Consider Pantone's Colorstrology feature. Grape Nectar (Pantone No. 18-1710) was the color of the day on Monday, according to Pantone. Apparently, it stands for complexity, brightness, and responsibility. Tomorrow it will be something different. The feature mixes traditional color theory with a dash of pop culture, psychology, and total nonsense to come up with a brilliant marketing blend.
It took the group years to arrive at Pantone’s new batch of 210 offerings. Heavy on oranges and pinks, the colors are said to reflect humanity’s growing focus on health and natural foods. There are also a lot of blues, a favorite of tech companies looking for a logo. Mark Calder, creative director at the menswear brand Robert Talbott, is particularly excited about the new blues. “It’s a color that men understand and our customers respond well to it,” he says. “But how do you drive more demand? You have to evolve the blues.”
Companies that want even more details on what shades are resonating with people can buy one of Pantone’s forecasting books or hire its team of consultants for a custom project. Sure, a print shop team may be able to replicate a version of "mistletoe" perfectly, but will they know how that anemic green makes people feel? Are they aware of the exotic corners of the world in which it is most prevalent? And, most importantly, do they have any inkling of how many sweaters it might sell this fall?
Indeed, fast-fashion brands and shorter design cycles in retail have been a boon to Pantone's business, and its color-of-the-year selections have become self-fulfilling. Who knows if this is really the year of Marsala? But a crowd of designers is rushing to splash the wine-colored shade across their product lines. Pantone has effectively become to pigments what Anna Wintour is to the wider fashion world: part trendsetter, part enforcer.

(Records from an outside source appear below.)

(* In the El Gamal–Costa deterministic interference channel with feedback, under any feedback encoding functions and for every $i\ge1$, letting $U_i=(V_1^{i-1},V_2^{i-1})$, the messages $W_1$ and $W_2$ are conditionally independent given $U_i$, and consequently $X_{1i}$ and $X_{2i}$ are conditionally independent given $U_i$.
   Context: El Gamal–Costa deterministic interference channel: finite alphabets $\mathcal{X}_k,\mathcal{V}_k,\mathcal{Y}_k$ ($k=1,2$); deterministic functions $g_k:\mathcal{X}_k\to\mathcal{V}_k$ and $f_1:\mathcal{X}_1\times\mathcal{V}_2\to\mathcal{Y}_1$, $f_2:\mathcal{X}_2\times\mathcal{V}_1\to\mathcal{Y}_2$, with at each time $V_{ki}=g_k(X_{ki})$, $Y_{1i}=f_1(X_{1i},V_{2i})$, $Y_{2i}=f_2(X_{2i},V_{1i})$. The El Gamal–Costa condition holds: $V_2$ is a deterministic function of $(Y_1,X_1)$ and $V_1$ of $(Y_2,X_2)$. Independent messages $W_1,W_2$ (uniform on finite sets); with feedback, $X_{ki}=f_k^i(W_k,Y_k^{i-1})$ for deterministic functions $f_k^i$. $A^{j}=(A_1,\dots,A_j)$; $U_1$ is constant. *)

theory Defs
  imports "HOL-Probability.Probability"
begin

record ('x1, 'x2, 'v1, 'v2, 'y1, 'y2) sym =
  sX1 :: 'x1
  sX2 :: 'x2
  sV1 :: 'v1
  sV2 :: 'v2
  sY1 :: 'y1
  sY2 :: 'y2

text \<open>Trajectory of the first n channel uses for messages w1, w2.
  enc_k i w y is the encoder f_k^i applied to the message and the past outputs
  Y_k^{i-1} (a list of length i-1).\<close>
fun traj ::
  "('x1 \<Rightarrow> 'v1) \<Rightarrow> ('x2 \<Rightarrow> 'v2) \<Rightarrow> ('x1 \<Rightarrow> 'v2 \<Rightarrow> 'y1) \<Rightarrow> ('x2 \<Rightarrow> 'v1 \<Rightarrow> 'y2)
   \<Rightarrow> (nat \<Rightarrow> 'w1 \<Rightarrow> 'y1 list \<Rightarrow> 'x1) \<Rightarrow> (nat \<Rightarrow> 'w2 \<Rightarrow> 'y2 list \<Rightarrow> 'x2)
   \<Rightarrow> 'w1 \<Rightarrow> 'w2 \<Rightarrow> nat \<Rightarrow> ('x1, 'x2, 'v1, 'v2, 'y1, 'y2) sym list" where
  "traj g1 g2 f1 f2 enc1 enc2 w1 w2 0 = []"
| "traj g1 g2 f1 f2 enc1 enc2 w1 w2 (Suc n) =
    (let past = traj g1 g2 f1 f2 enc1 enc2 w1 w2 n;
         x1 = enc1 (Suc n) w1 (map sY1 past);
         x2 = enc2 (Suc n) w2 (map sY2 past);
         v1 = g1 x1; v2 = g2 x2
     in past @ [\<lparr>sX1 = x1, sX2 = x2, sV1 = v1, sV2 = v2, sY1 = f1 x1 v2, sY2 = f2 x2 v1\<rparr>])"

definition cond_indep :: "'o pmf \<Rightarrow> ('o \<Rightarrow> 'a) \<Rightarrow> ('o \<Rightarrow> 'b) \<Rightarrow> ('o \<Rightarrow> 'c) \<Rightarrow> bool" where
  "cond_indep p A B C \<longleftrightarrow>
     (\<forall>a b c. measure_pmf.prob p {\<omega>. A \<omega> = a \<and> B \<omega> = b \<and> C \<omega> = c}
                * measure_pmf.prob p {\<omega>. C \<omega> = c}
              = measure_pmf.prob p {\<omega>. A \<omega> = a \<and> C \<omega> = c}
                * measure_pmf.prob p {\<omega>. B \<omega> = b \<and> C \<omega> = c})"

end

theory Submission imports Defs begin

(* Fix the time i = m + 1 and let t be the trajectory of the first m
   channel uses.  Since Y1 = f1(X1, V2), user 1 can replay its own inputs from its
   message w1 and the sequence V2^m alone: the input at time k is enc1 k w1 applied to
   the outputs f1(X1, V2) of the earlier steps (function replay).  Symmetrically user 2
   replays its inputs from w2 and V1^m.  Consequently
     (V1^m, V2^m) = (a, b)  <->  g1(replay1 w1 b) = a  and  g2(replay2 w2 a) = b,
   so each event {U_i = (a, b)} is a rectangle in W1 x W2, and on it X1_i and X2_i
   are functions of (a, b) together with w1 resp. w2 only.  Under the uniform
   distribution on W1 x W2 such a rectangle structure yields conditional independence
   by counting (cond_indep_uniform_product).  Only the structure Y1 = f1(X1, V2),
   Y2 = f2(X2, V1) of the channel is used. *)

lemma length_traj: "length (traj g1 g2 f1 f2 enc1 enc2 w1 w2 n) = n"
  by (induction n) (auto simp: Let_def)

lemma traj_channel:
  fixes g1 g2 f1 f2 enc1 enc2 w1 w2 n
  defines "t \<equiv> traj g1 g2 f1 f2 enc1 enc2 w1 w2 n"
  shows "map sV1 t = map g1 (map sX1 t)" "map sV2 t = map g2 (map sX2 t)"
    and "map sY1 t = map (\<lambda>s. f1 (sX1 s) (sV2 s)) t"
    and "map sY2 t = map (\<lambda>s. f2 (sX2 s) (sV1 s)) t"
  unfolding t_def by (induction n) (auto simp: Let_def)

definition swap_sym :: "('x1, 'x2, 'v1, 'v2, 'y1, 'y2) sym \<Rightarrow> ('x2, 'x1, 'v2, 'v1, 'y2, 'y1) sym" where
  "swap_sym s = \<lparr>sX1 = sX2 s, sX2 = sX1 s, sV1 = sV2 s, sV2 = sV1 s, sY1 = sY2 s, sY2 = sY1 s\<rparr>"

lemma traj_swap:
  "traj g2 g1 f2 f1 enc2 enc1 w2 w1 n = map swap_sym (traj g1 g2 f1 f2 enc1 enc2 w1 w2 n)"
  by (induction n) (simp_all add: Let_def swap_sym_def comp_def)

text \<open>User 1's outputs are determined by its own inputs and (any extension of) the
  history of V2; this is where Y1 = f1(X1, V2) is used.\<close>
lemma outputs_from_V_history:
  fixes g1 g2 f1 f2 enc1 enc2 w1 w2 n
  defines "t \<equiv> traj g1 g2 f1 f2 enc1 enc2 w1 w2 n"
  assumes "take n b = map sV2 t"
  shows "map (case_prod f1) (zip (map sX1 t) b) = map sY1 t"
proof -
  have len: "length (map sX1 t) = n" by (simp add: t_def length_traj)
  have "zip (map sX1 t) b = take n (zip (map sX1 t) b)" using len by simp
  also have "\<dots> = zip (map sX1 t) (map sV2 t)" using len assms(2) by (simp add: take_zip)
  also have "\<dots> = map (\<lambda>s. (sX1 s, sV2 s)) t" by (simp add: zip_map_map zip_same_conv_map)
  finally show ?thesis
    using traj_channel(3)[of g1 g2 f1 f2 enc1 enc2 w1 w2 n] unfolding t_def by simp
qed

fun replay :: "('x \<Rightarrow> 'v \<Rightarrow> 'y) \<Rightarrow> (nat \<Rightarrow> 'w \<Rightarrow> 'y list \<Rightarrow> 'x) \<Rightarrow> 'w \<Rightarrow> 'v list \<Rightarrow> nat \<Rightarrow> 'x list" where
  "replay f enc w b 0 = []"
| "replay f enc w b (Suc n) =
     (let xs = replay f enc w b n in xs @ [enc (Suc n) w (map (case_prod f) (zip xs b))])"

lemma length_replay: "length (replay f enc w b n) = n"
  by (induction n) (auto simp: Let_def)

lemma take_replay: "k \<le> n \<Longrightarrow> take k (replay f enc w b n) = replay f enc w b k"
proof (induction n)
  case (Suc n)
  then show ?case
    using length_replay[of f enc w b n]
    by (cases "k = Suc n") (simp_all add: Let_def length_replay)
qed simp

lemma replay_traj1:
  "take n b = map sV2 (traj g1 g2 f1 f2 enc1 enc2 w1 w2 n) \<Longrightarrow>
   replay f1 enc1 w1 b n = map sX1 (traj g1 g2 f1 f2 enc1 enc2 w1 w2 n)"
proof (induction n)
  case (Suc n)
  let ?t = "traj g1 g2 f1 f2 enc1 enc2 w1 w2 n"
  have prefix: "take n b = map sV2 ?t"
    using arg_cong[OF Suc.prems, of "take n"] length_traj[of g1 g2 f1 f2 enc1 enc2 w1 w2 n]
    by (simp add: Let_def min_def)
  then have "replay f1 enc1 w1 b n = map sX1 ?t" by (rule Suc.IH)
  with outputs_from_V_history[OF prefix] show ?case by (simp add: Let_def)
qed simp

lemma replay_traj2:
  "take n a = map sV1 (traj g1 g2 f1 f2 enc1 enc2 w1 w2 n) \<Longrightarrow>
   replay f2 enc2 w2 a n = map sX2 (traj g1 g2 f1 f2 enc1 enc2 w1 w2 n)"
  using replay_traj1[of n a g2 g1 f2 f1 enc2 enc1 w2 w1]
  by (simp add: traj_swap[of g1 g2 f1 f2 enc1 enc2 w1 w2 n] swap_sym_def comp_def)

lemma outputs_from_V_history2:
  "take n a = map sV1 (traj g1 g2 f1 f2 enc1 enc2 w1 w2 n) \<Longrightarrow>
   map (case_prod f2) (zip (map sX2 (traj g1 g2 f1 f2 enc1 enc2 w1 w2 n)) a)
     = map sY2 (traj g1 g2 f1 f2 enc1 enc2 w1 w2 n)"
  using outputs_from_V_history[of n a g2 g1 f2 f1 enc2 enc1 w2 w1]
  by (simp add: traj_swap[of g1 g2 f1 f2 enc1 enc2 w1 w2 n] swap_sym_def comp_def)

lemma next_input_replay1:
  assumes "take n b = map sV2 (traj g1 g2 f1 f2 enc1 enc2 w1 w2 n)"
  shows "sX1 (traj g1 g2 f1 f2 enc1 enc2 w1 w2 (Suc n) ! n) = replay f1 enc1 w1 b (Suc n) ! n"
  using replay_traj1[OF assms] outputs_from_V_history[OF assms]
  by (simp add: Let_def nth_append length_traj length_replay)

lemma next_input_replay2:
  assumes "take n a = map sV1 (traj g1 g2 f1 f2 enc1 enc2 w1 w2 n)"
  shows "sX2 (traj g1 g2 f1 f2 enc1 enc2 w1 w2 (Suc n) ! n) = replay f2 enc2 w2 a (Suc n) ! n"
  using replay_traj2[OF assms] outputs_from_V_history2[OF assms]
  by (simp add: Let_def nth_append length_traj length_replay)

lemma consistent_V_history:
  assumes a: "map g1 (replay f1 enc1 w1 b m) = a" and b: "map g2 (replay f2 enc2 w2 a m) = b"
  shows "n \<le> m \<Longrightarrow> map sV1 (traj g1 g2 f1 f2 enc1 enc2 w1 w2 n) = take n a \<and>
                     map sV2 (traj g1 g2 f1 f2 enc1 enc2 w1 w2 n) = take n b"
proof (induction n)
  case (Suc n)
  let ?t = "traj g1 g2 f1 f2 enc1 enc2 w1 w2 n"
  have IH: "take n a = map sV1 ?t" "take n b = map sV2 ?t" using Suc by auto
  have ta: "take (Suc n) a = map g1 (replay f1 enc1 w1 b (Suc n))"
    using a take_replay[of "Suc n" m f1 enc1 w1 b] Suc.prems by (metis take_map)
  have tb: "take (Suc n) b = map g2 (replay f2 enc2 w2 a (Suc n))"
    using b take_replay[of "Suc n" m f2 enc2 w2 a] Suc.prems by (metis take_map)
  have r1: "replay f1 enc1 w1 b n = map sX1 ?t" by (rule replay_traj1[OF IH(2)])
  have r2: "replay f2 enc2 w2 a n = map sX2 ?t" by (rule replay_traj2[OF IH(1)])
  have "map sV1 (traj g1 g2 f1 f2 enc1 enc2 w1 w2 (Suc n)) = map g1 (replay f1 enc1 w1 b (Suc n))"
    unfolding traj.simps replay.simps Let_def r1 outputs_from_V_history[OF IH(2)]
    using traj_channel(1)[of g1 g2 f1 f2 enc1 enc2 w1 w2 n] by simp
  moreover have "map sV2 (traj g1 g2 f1 f2 enc1 enc2 w1 w2 (Suc n)) = map g2 (replay f2 enc2 w2 a (Suc n))"
    unfolding traj.simps replay.simps Let_def r2 outputs_from_V_history2[OF IH(1)]
    using traj_channel(2)[of g1 g2 f1 f2 enc1 enc2 w1 w2 n] by simp
  ultimately show ?case unfolding ta tb by simp
qed simp

text \<open>In particular the event
  {(V1^n, V2^n) = (a, b)} is a rectangle in the message space.\<close>
lemma V_history_iff:
  "(map sV1 (traj g1 g2 f1 f2 enc1 enc2 w1 w2 n) = a \<and> map sV2 (traj g1 g2 f1 f2 enc1 enc2 w1 w2 n) = b)
   \<longleftrightarrow> (map g1 (replay f1 enc1 w1 b n) = a \<and> map g2 (replay f2 enc2 w2 a n) = b)"
  (is "?hist \<longleftrightarrow> ?consistent")
proof
  let ?t = "traj g1 g2 f1 f2 enc1 enc2 w1 w2 n"
  assume hist: ?hist
  then have "take n a = map sV1 ?t" "take n b = map sV2 ?t" by (auto simp: length_traj)
  then have "replay f1 enc1 w1 b n = map sX1 ?t" "replay f2 enc2 w2 a n = map sX2 ?t"
    by (simp_all add: replay_traj1 replay_traj2)
  with hist show ?consistent using traj_channel(1,2)[of g1 g2 f1 f2 enc1 enc2 w1 w2 n] by simp
next
  assume consistent: ?consistent
  then have "length a = n" "length b = n" by (metis length_map length_replay)+
  with consistent_V_history[of g1 f1 enc1 w1 b n a g2 f2 enc2 w2 n] consistent show ?hist by simp
qed

lemma cond_indep_uniform_product:
  fixes S1 :: "'a set" and S2 :: "'b set" and U :: "'a \<times> 'b \<Rightarrow> 'c"
  assumes fin: "finite S1" "finite S2" and ne: "S1 \<noteq> {}" "S2 \<noteq> {}"
    and rect: "\<And>x y c. x \<in> S1 \<Longrightarrow> y \<in> S2 \<Longrightarrow> U (x, y) = c \<longleftrightarrow> P1 c x \<and> P2 c y"
    and A: "\<And>x y. x \<in> S1 \<Longrightarrow> y \<in> S2 \<Longrightarrow> A (x, y) = \<alpha> (U (x, y)) x"
    and B: "\<And>x y. x \<in> S1 \<Longrightarrow> y \<in> S2 \<Longrightarrow> B (x, y) = \<beta> (U (x, y)) y"
  shows "cond_indep (pmf_of_set (S1 \<times> S2)) A B U"
  unfolding cond_indep_def
proof (intro allI)
  fix a b c
  let ?S = "S1 \<times> S2"
  have prob: "measure_pmf.prob (pmf_of_set ?S) E = card (?S \<inter> E) / card ?S" for E
    using fin ne by (simp add: measure_pmf_of_set)
  have on_level_set: "A (x, y) = \<alpha> c x" "B (x, y) = \<beta> c y"
    if "x \<in> S1" "y \<in> S2" "U (x, y) = c" for x y
    using A B that by simp_all
  define R1 where "R1 = {x\<in>S1. P1 c x}"
  define R2 where "R2 = {y\<in>S2. P2 c y}"
  define Ra where "Ra = {x\<in>S1. P1 c x \<and> \<alpha> c x = a}"
  define Rb where "Rb = {y\<in>S2. P2 c y \<and> \<beta> c y = b}"
  have rects: "?S \<inter> {\<omega>. A \<omega> = a \<and> B \<omega> = b \<and> U \<omega> = c} = Ra \<times> Rb"
    "?S \<inter> {\<omega>. U \<omega> = c} = R1 \<times> R2"
    "?S \<inter> {\<omega>. A \<omega> = a \<and> U \<omega> = c} = Ra \<times> R2"
    "?S \<inter> {\<omega>. B \<omega> = b \<and> U \<omega> = c} = R1 \<times> Rb"
    unfolding R1_def R2_def Ra_def Rb_def using rect on_level_set by fastforce+
  show "measure_pmf.prob (pmf_of_set ?S) {\<omega>. A \<omega> = a \<and> B \<omega> = b \<and> U \<omega> = c}
               * measure_pmf.prob (pmf_of_set ?S) {\<omega>. U \<omega> = c}
             = measure_pmf.prob (pmf_of_set ?S) {\<omega>. A \<omega> = a \<and> U \<omega> = c}
               * measure_pmf.prob (pmf_of_set ?S) {\<omega>. B \<omega> = b \<and> U \<omega> = c}"
    unfolding prob rects card_cartesian_product by (simp add: algebra_simps)
qed

theorem claim3:
  fixes g1 :: "'x1::finite \<Rightarrow> 'v1::finite" and g2 :: "'x2::finite \<Rightarrow> 'v2::finite"
    and f1 :: "'x1 \<Rightarrow> 'v2 \<Rightarrow> 'y1::finite" and f2 :: "'x2 \<Rightarrow> 'v1 \<Rightarrow> 'y2::finite"
    and enc1 :: "nat \<Rightarrow> 'w1 \<Rightarrow> 'y1 list \<Rightarrow> 'x1"
    and enc2 :: "nat \<Rightarrow> 'w2 \<Rightarrow> 'y2 list \<Rightarrow> 'x2"
    and W1 :: "'w1 set" and W2 :: "'w2 set" and i :: nat
  assumes EGC2: "\<exists>h2. \<forall>x1 x2. h2 (f1 x1 (g2 x2)) x1 = g2 x2"
    and EGC1: "\<exists>h1. \<forall>x1 x2. h1 (f2 x2 (g1 x1)) x2 = g1 x1"
    and fin1: "finite W1" and ne1: "W1 \<noteq> {}"
    and fin2: "finite W2" and ne2: "W2 \<noteq> {}"
    and i: "i \<ge> 1"
  shows "(let M = pmf_of_set (W1 \<times> W2);
              T = (\<lambda>(w1, w2) n. traj g1 g2 f1 f2 enc1 enc2 w1 w2 n);
              U = (\<lambda>\<omega>. (map sV1 (T \<omega> (i - 1)), map sV2 (T \<omega> (i - 1))));
              X1 = (\<lambda>\<omega>. sX1 (T \<omega> i ! (i - 1)));
              X2 = (\<lambda>\<omega>. sX2 (T \<omega> i ! (i - 1)))
          in cond_indep M fst snd U \<and> cond_indep M X1 X2 U)"
proof -
  define m where "m = i - 1"
  have i_eq: "i = Suc m" using i m_def by simp
  let ?t = "\<lambda>w1 w2. traj g1 g2 f1 f2 enc1 enc2 w1 w2 m"
  let ?U = "\<lambda>(w1, w2). (map sV1 (?t w1 w2), map sV2 (?t w1 w2))"
  have rect: "?U (w1, w2) = c \<longleftrightarrow>
      map g1 (replay f1 enc1 w1 (snd c) m) = fst c \<and> map g2 (replay f2 enc2 w2 (fst c) m) = snd c"
    for w1 w2 c
    using V_history_iff[of g1 g2 f1 f2 enc1 enc2 w1 w2 m "fst c" "snd c"] by (cases c) auto
  have inputs:
    "sX1 (traj g1 g2 f1 f2 enc1 enc2 w1 w2 i ! (i - 1)) = replay f1 enc1 w1 (snd (?U (w1, w2))) i ! m"
    "sX2 (traj g1 g2 f1 f2 enc1 enc2 w1 w2 i ! (i - 1)) = replay f2 enc2 w2 (fst (?U (w1, w2))) i ! m"
    for w1 w2
    unfolding i_eq diff_Suc_1
    by (rule next_input_replay1 next_input_replay2; simp add: length_traj)+
  have "cond_indep (pmf_of_set (W1 \<times> W2)) fst snd ?U"
    by (rule cond_indep_uniform_product[where \<alpha> = "\<lambda>_ w1. w1" and \<beta> = "\<lambda>_ w2. w2"])
      (use fin1 fin2 ne1 ne2 rect in auto)
  moreover have "cond_indep (pmf_of_set (W1 \<times> W2))
      (\<lambda>(w1, w2). sX1 (traj g1 g2 f1 f2 enc1 enc2 w1 w2 i ! (i - 1)))
      (\<lambda>(w1, w2). sX2 (traj g1 g2 f1 f2 enc1 enc2 w1 w2 i ! (i - 1))) ?U"
    by (rule cond_indep_uniform_product[where
          \<alpha> = "\<lambda>c w1. replay f1 enc1 w1 (snd c) i ! m" and \<beta> = "\<lambda>c w2. replay f2 enc2 w2 (fst c) i ! m"])
      (use fin1 fin2 ne1 ne2 rect inputs in auto)
  ultimately show ?thesis
    unfolding Let_def m_def split_def by (rule conjI)
qed

end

Then, of course, there is the merchandise: coffee mugs, iPhone cases, kids books, and a pile of other product categories stamped with the generic-looking Pantone color tiles. Most of that business comes in the form of licensing dollars, as Pantone sells the right to its logo. There's even a Pantone café in Monaco that sells "Eclair"-colored eclairs.
The major value of the Pantone system, however, still resides in its standardization. A "Scuba Blue" printed at a mill in Vietnam should be pretty much identical to one coming off of rollers in Vancouver, provided both facilities have purchased the Pantone color portfolio and the corresponding array of proprietary inks.
Susan Scafidi, founder of the Fashion Law Institute at Fordham Law School, says Pantone still enjoys a sort of network effect because it launched its system so early and so broadly. When brands file to protect a trademark by color, they typically identify the shade with a Pantone code. Tiffany has its baby-blue boxes (Pantone 1837), Hermes has the orange in its scarves (Pantone 16-1448), and then there's the famous red on the soles of Christian Louboutin shoes (Pantone 18-1663)3.
“Really everyone in fashion refers to Pantone in one form or another,” Scafidi says. “With intellectual property and with manufacturing, you really have to be very specific in terms of your color, and Pantone facilitates that.” As for recurring revenue, Pantone recommends customers buy a new stack of its shades every year. Colors tend to fade, even Pantone's.